Macrophage inflammatory proteins MTP-1α (MIP-1A) and MIP-1β (MIP-1B) are the main factors produced by macrophages and monocytes after they are stimulated by endotoxin bacteria or pro-inflammatory cytokines such as IL-1β. They are critical for the immune response to infections and inflammation. These chemokines affect monocytes, T lymphocytes, dendritic cells, NK cells, and platelets, and also activate human granulocytes (neutrophils, eosinophils, and basophils), which can lead to acute neutrophilic inflammation. MIP-1α and MIP-1β also induce the synthesis and release of other pro-inflammatory cytokines such as interleukin 1 (TL-1), IL-6 and TNF-α from fibroblasts and macrophages.
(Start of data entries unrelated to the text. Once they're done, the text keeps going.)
lemma wscale_add [simp]: "wscale w (u + v) = wscale w u + wscale w v"
  and wscale_diff [simp]: "wscale w (u - v) = wscale w u - wscale w v"
  and wscale_scaleR [simp]: "wscale w (c *\<^sub>R v) = c *\<^sub>R wscale w v"
  by (simp_all add: wscale_def vec_eq_iff algebra_simps)

lemma wscale_eq_0_iff:
  assumes "\<forall>s. 0 < w$s"
  shows "wscale w v = 0 \<longleftrightarrow> v = 0"
  using assms by (simp add: wscale_def vec_eq_iff) (metis less_irrefl)

lemma winner_eq_inner_wscale:
  assumes "\<forall>s. 0 \<le> w$s"
  shows "winner w u v = inner (wscale w u) (wscale w v)"
  unfolding winner_def wscale_def inner_vec_def
  using assms by (intro sum.cong) (simp_all add: ac_simps real_sqrt_mult[symmetric])

lemma wnorm_eq_norm_wscale:
  assumes "\<forall>s. 0 \<le> w$s"
  shows "wnorm w v = norm (wscale w v)"
proof -
  have "wnorm w v = sqrt (winner w v v)"
    unfolding wnorm_def winner_def by (simp add: power2_eq_square mult.assoc)
  thus ?thesis
    using assms by (simp add: winner_eq_inner_wscale norm_eq_sqrt_inner)
qed

lemma wnorm_scaleR:
  assumes "\<forall>s. 0 \<le> w$s"
  shows "wnorm w (c *\<^sub>R v) = \<bar>c\<bar> * wnorm w v"
  using assms by (simp add: wnorm_eq_norm_wscale)

lemma wnorm_add_orthogonal:
  assumes "\<forall>s. 0 \<le> w$s" and "winner w u v = 0"
  shows "(wnorm w (u + v))^2 = (wnorm w u)^2 + (wnorm w v)^2"
  using assms by (simp add: wnorm_eq_norm_wscale winner_eq_inner_wscale norm_add_Pythagorean
      orthogonal_def)

subsection \<open>Weighted orthogonal projection\<close>

abbreviation feature_span :: "real^'s^'n \<Rightarrow> (real^'s) set" where
  "feature_span Phi \<equiv> range (\<lambda>\<theta>. transpose Phi *v \<theta>)"

lemma subspace_feature_span: "subspace (feature_span Phi)"
  by (rule linear_subspace_image[OF matrix_vector_mul_linear subspace_UNIV])

lemma wproj_exists:
  fixes Phi :: "real^'s^'n"
  assumes w: "\<forall>s. 0 \<le> w$s"
  shows "\<exists>p \<in> feature_span Phi. \<forall>u \<in> feature_span Phi. winner w (v - p) u = 0"
proof -
  define g where "g = (\<lambda>\<theta>. wscale w (transpose Phi *v \<theta>))"
  have "linear g"
    unfolding g_def
    by (intro linearI) (simp_all add: matrix_vector_right_distrib matrix_vector_mult_scaleR)
  hence span_g: "span (range g) = range g"
    by (simp add: span_eq_iff linear_subspace_image[OF _ subspace_UNIV])
  obtain y z where y: "y \<in> span (range g)" and z: "\<And>u. u \<in> span (range g) \<Longrightarrow> orthogonal z u"
    and yz: "wscale w v = y + z"
    using orthogonal_subspace_decomp_exists by blast
  obtain t where t: "y = g t"
    using y span_g by auto
  show ?thesis
  proof (intro bexI ballI)
    fix u assume "u \<in> feature_span Phi"
    then obtain s where u: "u = transpose Phi *v s" by auto
    have "winner w (v - transpose Phi *v t) u = inner z (g s)"
      using yz t w by (simp add: winner_eq_inner_wscale u g_def)
    also have "\<dots> = 0"
      using z[of "g s"] span_g by (auto simp: orthogonal_def)
    finally show "winner w (v - transpose Phi *v t) u = 0" .
  qed auto
qed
The creation of the proposed invention is based on a study conducted at the FBUN TsNIIE Rospotrebnadzor. Under supervision were 49 patients diagnosed with COVID-19, severe course (31 men and 18 women), aged 24 to 90 years, hospitalized in the intensive care unit (ICU) of the Infectious Clinical Hospital No. 2 of the Moscow City Health Department » from April to August 2020.

Subsequently, all patients were divided into 2 groups depending on the outcome of the disease: group 1 - survivors, group 2 - lethal.

Inclusion criteria: age from 18 to 90 years, laboratory-confirmed COVID-19 in a patient, the presence of informed consent to the processing of personal data.

Exclusion criteria: age under 18 and over 90 years of age, pregnancy, lack of a laboratory-confirmed diagnosis of COVID-19 in the patient and the absence of informed voluntary consent from the patient to the processing of personal data and medical intervention.

All patients were admitted on average at 8.4±2.3 days of illness (in terms of 1 to 21 days). The duration of hospitalization in the hospital ranged from 1 to 67 days, on average - 19.1±10.7 days. The survey was conducted in accordance with the legislation of the Russian Federation. international ethical standards and regulatory documents of the Central Research Institute of Epidemiology of Rospotrebnadzor with the written consent of the patients.

For statistical data processing, Microsoft Office Excel 2016 (Microsoft) programs and the Matplotlib and Numpy libraries of the Python programming environment were used.

The diagnosis of a new coronavirus infection COVID-19 was established based on the detection of SARS-CoV2 RNA by PCR in swabs from the nasopharynx and oropharynx (100%). All patients (n=49) were diagnosed with bilateral polysegmental pneumonia at admission, however, a severe form according to computed tomography of the chest (CT - 3/4) was observed in 32.7% (n-16) of patients at the time of hospitalization.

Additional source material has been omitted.